Material provided START

(* Let $(\mathcal S,\mathcal A,P,r)$ be a weakly communicating MDP and let $(g^\star,h^\star)$ be a solution of the modified Bellman equations. Let $f:\mathbb R^n\to\mathbb R$ be continuous with $f(x+c\mathbf 1)=f(x)+c$ for all $x,c$. Let $h^0\in\mathbb R^n$, $\lambda_k=\frac{2}{k+2}$, and for $k\ge1$ \[h^k=\lambda_{k-1}h^0+(1-\lambda_{k-1})\big(Th^{k-1}-f(h^{k-1})\mathbf 1\big)\] (Anchored Relative Value Iteration), and let $\pi_k$ be a greedy policy, $T^{\pi_k}h^k=Th^k$. Then for $k\ge1$, \[\|g^\star-g^{\pi_k}\|_\infty\le\|Th^k-h^k-g^\star\|_\infty\le\frac{8}{k+1}\|h^0-h^\star\|_\infty.\] Furthermore, if the MDP is unichain, then $h^k\to h^\infty$ and $f(h^k)\mathbf 1\to g^\star$ for some solution $(g^\star,h^\infty)$ of the modified Bellman equations.
   Context: An MDP $(\mathcal S,\mathcal A,P,r)$ has finite state space $\mathcal S$ ($|\mathcal S|=n$, functions identified with $\mathbb R^n$), finite action space, transition probabilities $P(s'\mid s,a)$ and bounded reward $r$. For a policy $\pi$: $r^\pi(s)=\sum_a\pi(a\mid s)r(s,a)$, $\mathcal P^\pi(s,s')=\sum_a\pi(a\mid s)P(s'\mid s,a)$, $g^\pi(s)=\liminf_{T\to\infty}\frac1T\mathbb E_\pi[\sum_{t=0}^{T-1}r(s_t,a_t)\mid s_0=s]$, $g^\star=\max_\pi g^\pi$. $T^\pi V=r^\pi+\mathcal P^\pi V$, $(TV)(s)=\max_a\{r(s,a)+\sum_{s'}P(s'\mid s,a)V(s')\}$, $\mathbf 1$ the all-ones vector. A pair $(g,h)$ solves the modified Bellman equations if $\max_a\sum_{s'}P(s'\mid s,a)g(s')=g(s)$ and $\max_a\{r(s,a)+\sum_{s'}P(s'\mid s,a)h(s')\}=h(s)+g(s)$ for all $s$, with some policy attaining both maxima simultaneously; the first component of any solution equals $g^\star$. Weakly communicating: there is a closed set of states each accessible from every other in it under some deterministic policy, plus a possibly empty set transient under every policy. Unichain: every deterministic policy induces a chain with a single irreducible recurrent class plus possibly transient states. *)

theory Defs
  imports "HOL-Analysis.Analysis"
begin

Material provided END

* **Task statement**
Please retype the whole of the material above exactly.

* **Answer to the exercise**
(* Let $(\mathcal S,\mathcal A,P,r)$ be a weakly communicating MDP and let $(g^\star,h^\star)$ be a solution of the modified Bellman equations. Let $f:\mathbb R^n\to\mathbb R$ be continuous with $f(x+c\mathbf 1)=f(x)+c$ for all $x,c$. Let $h^0\in\mathbb R^n$, $\lambda_k=\frac{2}{k+2}$, and for $k\ge1$ \[h^k=\lambda_{k-1}h^0+(1-\lambda_{k-1})\big(Th^{k-1}-f(h^{k-1})\mathbf 1\big)\] (Anchored Relative Value Iteration), and let $\pi_k$ be a greedy policy, $T^{\pi_k}h^k=Th^k$. Then for $k\ge1$, \[\|g^\star-g^{\pi_k}\|_\infty\le\|Th^k-h^k-g^\star\|_\infty\le\frac{8}{k+1}\|h^0-h^\star\|_\infty.\] Furthermore, if the MDP is unichain, then $h^k\to h^\infty$ and $f(h^k)\mathbf 1\to g^\star$ for some solution $(g^\star,h^\infty)$ of the modified Bellman equations.
   Context: An MDP $(\mathcal S,\mathcal A,P,r)$ has finite state space $\mathcal S$ ($|\mathcal S|=n$, functions identified with $\mathbb R^n$), finite action space, transition probabilities $P(s'\mid s,a)$ and bounded reward $r$. For a policy $\pi$: $r^\pi(s)=\sum_a\pi(a\mid s)r(s,a)$, $\mathcal P^\pi(s,s')=\sum_a\pi(a\mid s)P(s'\mid s,a)$, $g^\pi(s)=\liminf_{T\to\infty}\frac1T\mathbb E_\pi[\sum_{t=0}^{T-1}r(s_t,a_t)\mid s_0=s]$, $g^\star=\max_\pi g^\pi$. $T^\pi V=r^\pi+\mathcal P^\pi V$, $(TV)(s)=\max_a\{r(s,a)+\sum_{s'}P(s'\mid s,a)V(s')\}$, $\mathbf 1$ the all-ones vector. A pair $(g,h)$ solves the modified Bellman equations if $\max_a\sum_{s'}P(s'\mid s,a)g(s')=g(s)$ and $\max_a\{r(s,a)+\sum_{s'}P(s'\mid s,a)h(s')\}=h(s)+g(s)$ for all $s$, with some policy attaining both maxima simultaneously; the first component of any solution equals $g^\star$. Weakly communicating: there is a closed set of states each accessible from every other in it under some deterministic policy, plus a possibly empty set transient under every policy. Unichain: every deterministic policy induces a chain with a single irreducible recurrent class plus possibly transient states. *)

theory Defs
  imports "HOL-Analysis.Analysis"
begin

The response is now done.